West Baltimore advocacy group pushes civilian oversight office
A West Baltimore advocacy group is calling on the Police Department to create an accountability office staffed by investigators and lawyers to look into claims of constitutional violations.
The No Boundaries Coalition outlined its efforts to force oversight on the Police Department to members of the City Council this week, after the scathing U.S. Department of Justice investigation recently revealed a pattern of unlawful practices, including use of excessive force and harassment of protesters.
“The current structures for accountability aren’t working,” said Rebecca Nagle, one of the coalition leaders.
“This is a generational moment for Baltimore City,” Nagle told members of the City Council at its weekly luncheon Monday. “If we don’t get radical reform for the Baltimore Police Department, we will be in the same crisis we’re in currently, five years from now, 10 years from now.”
The coalition plans to outline the full details of the “People’s Decree of Central West Baltimore” at a news conference at 9 a.m. Thursday at St. Peter Claver Catholic Church in Sandtown-Winchester.
The group is looking for elected officials and community members to sign on to the plan to present to officials, as the Justice Department develops a consent decree with the Police Department that would enact sweeping reforms. The consent decree, which follows the August report, is expected by November.
Nagle said the Office of Police Accountability would investigate a variety of matters, such as instances when the same person is stopped by police at least twice in a six-month period or when a person alleges evidence is destroyed or planted.

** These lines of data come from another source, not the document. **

(* Let $\mathcal{S}=(X,\xrightarrow{\Sigma},\le)$ be a very-WSTS and $I_0\in\mathrm{Idl}(X)$, and let $c,d$ be nodes of $\mathcal{T}_{I_0}$. (1) If $d$ is reachable from $c$ along arcs of $\mathcal{T}_{I_0}$ (i.e. $d$ is a descendant of $c$ or $c$ itself) and $\mathrm{ideal}(c)=\mathrm{ideal}(d)$, then $\mathrm{numaccel}(c)=\mathrm{numaccel}(d)$. (2) If $d$ is reachable from $c$ in the stuttering automaton $\mathcal{A}_{I_0}$, then $\mathrm{numaccel}(c)\le\mathrm{numaccel}(d)$.
   Context: A (labeled, ordered) transition system is $\mathcal{S}=(X,\xrightarrow{\Sigma},\le)$: $X$ a set, $\Sigma$ a finite alphabet, $\xrightarrow{a}\subseteq X\times X$, $\le$ a quasi-ordering; relations extend to words. $\mathrm{Post}(x,a)=\{y:x\xrightarrow{a}y\}$, extended to sets by union; $\downarrow D=\{x:\exists y\in D,\,x\le y\}$. WSTS: $\le$ a wqo and $x\xrightarrow{a}y$, $x'\ge x$ imply $x'\xrightarrow{w}y'\ge y$ for some $w$. Strong monotonicity: $x\xrightarrow{a}y$, $x'\ge x$ imply $x'\xrightarrow{a}y'$ with $y'\ge y$; strong-strict: additionally $x'>x$ gives $y'>y$. Deterministic: at most one $a$-successor. Ideals: nonempty downward-closed directed subsets, set $\mathrm{Idl}(X)$. Completion $\widehat{\mathcal{S}}=(\mathrm{Idl}(X),\Rightarrow_\Sigma,\subseteq)$ with $I\xRightarrow{a}J$ iff $J$ is a $\subseteq$-maximal ideal included in $\downarrow\mathrm{Post}(I,a)$; if deterministic, $w(I)$ is the unique $J$ with $I\xRightarrow{w}J$, when defined. $w^\infty(I)=\bigcup_kw^k(I)$ if $I\subset w(I)$, else $I$ ($w\in\Sigma^+$). Levels: $\mathrm{Idl}_0(X)=\mathrm{Idl}(X)$, $\mathrm{Idl}_n(X)$ = unions of strictly increasing sequences in $\mathrm{Idl}_{n-1}(X)$; finitely many levels if some $\mathrm{Idl}_n(X)=\emptyset$. Very-WSTS: WSTS with strong monotonicity whose completion is a deterministic WSTS ($\subseteq$ a wqo on ideals) with strong-strict monotonicity, and $\mathrm{Idl}(X)$ has finitely many levels. Ideal Karp-Miller algorithm on input $(\mathcal{S},I_0)$ (terminates for very-WSTS): builds a tree with node labels $(\mathrm{ideal}(c),\mathrm{numaccel}(c))\in\mathrm{Idl}(X)\times\mathbb{N}$ and letter-labeled arcs, starting with root $(I_0,0)$. While a node $c:(I,n)$ is unmarked: if a proper ancestor has ideal $I$, mark $c$; otherwise, if a proper ancestor $c'$ has $\mathrm{ideal}(c')\subset I$ and $\mathrm{numaccel}(c')=n$, relabel $c$ by $(w^\infty(I),n+1)$ with $w$ the arc-label word from $c'$ to $c$; then, with $(I,n)$ the current label, add for each $a\in\Sigma$ with $a(I)$ defined a child $(a(I),n)$ via an $a$-arc; mark $c$. $\mathcal{T}_{I_0}$ is the returned tree. The stuttering automaton $\mathcal{A}_{I_0}$ has the nodes of $\mathcal{T}_{I_0}$ as states, the arcs of $\mathcal{T}_{I_0}$ as transitions, plus an $\varepsilon$-transition from each leaf $c$ to any ancestor $c'$ with $\mathrm{ideal}(c')=\mathrm{ideal}(c)$. *)

theory Defs
  imports Main "HOL-Library.Sublist"
begin

fun gsteps :: "('a \<Rightarrow> 's \<Rightarrow> 's \<Rightarrow> bool) \<Rightarrow> 'a list \<Rightarrow> 's \<Rightarrow> 's \<Rightarrow> bool" where
  "gsteps step [] x y = (x = y)"
| "gsteps step (a # w) x y = (\<exists>z. step a x z \<and> gsteps step w z y)"

definition qo_on_rel :: "'s set \<Rightarrow> ('s \<Rightarrow> 's \<Rightarrow> bool) \<Rightarrow> bool" where
  "qo_on_rel S le \<longleftrightarrow> (\<forall>x\<in>S. le x x) \<and>
     (\<forall>x\<in>S. \<forall>y\<in>S. \<forall>z\<in>S. le x y \<longrightarrow> le y z \<longrightarrow> le x z)"

definition wqo_on_rel :: "'s set \<Rightarrow> ('s \<Rightarrow> 's \<Rightarrow> bool) \<Rightarrow> bool" where
  "wqo_on_rel S le \<longleftrightarrow> qo_on_rel S le \<and>
     (\<forall>f :: nat \<Rightarrow> 's. (\<forall>i. f i \<in> S) \<longrightarrow> (\<exists>i j. i < j \<and> le (f i) (f j)))"

definition closed_ts :: "'s set \<Rightarrow> ('a \<Rightarrow> 's \<Rightarrow> 's \<Rightarrow> bool) \<Rightarrow> bool" where
  "closed_ts S step \<longleftrightarrow> (\<forall>a x y. x \<in> S \<longrightarrow> step a x y \<longrightarrow> y \<in> S)"

definition wsts :: "'s set \<Rightarrow> ('a \<Rightarrow> 's \<Rightarrow> 's \<Rightarrow> bool) \<Rightarrow> ('s \<Rightarrow> 's \<Rightarrow> bool) \<Rightarrow> bool" where
  "wsts S step le \<longleftrightarrow> closed_ts S step \<and> wqo_on_rel S le \<and>
     (\<forall>a x y x'. x \<in> S \<longrightarrow> x' \<in> S \<longrightarrow> step a x y \<longrightarrow> le x x' \<longrightarrow>
        (\<exists>w y'. gsteps step w x' y' \<and> le y y'))"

Its staff would be newly hired, including no one who previously worked for the Police Department.
The office would have an operating budget of at least $500,000 and report to a board made up of community members, the police commissioner, a mayoral appointee and a representative from the police union.
The “People’s Decree” was developed after extensive community outreach and consultations with legal experts and incorporates problems uncovered in the Justice Department report, Nagle said.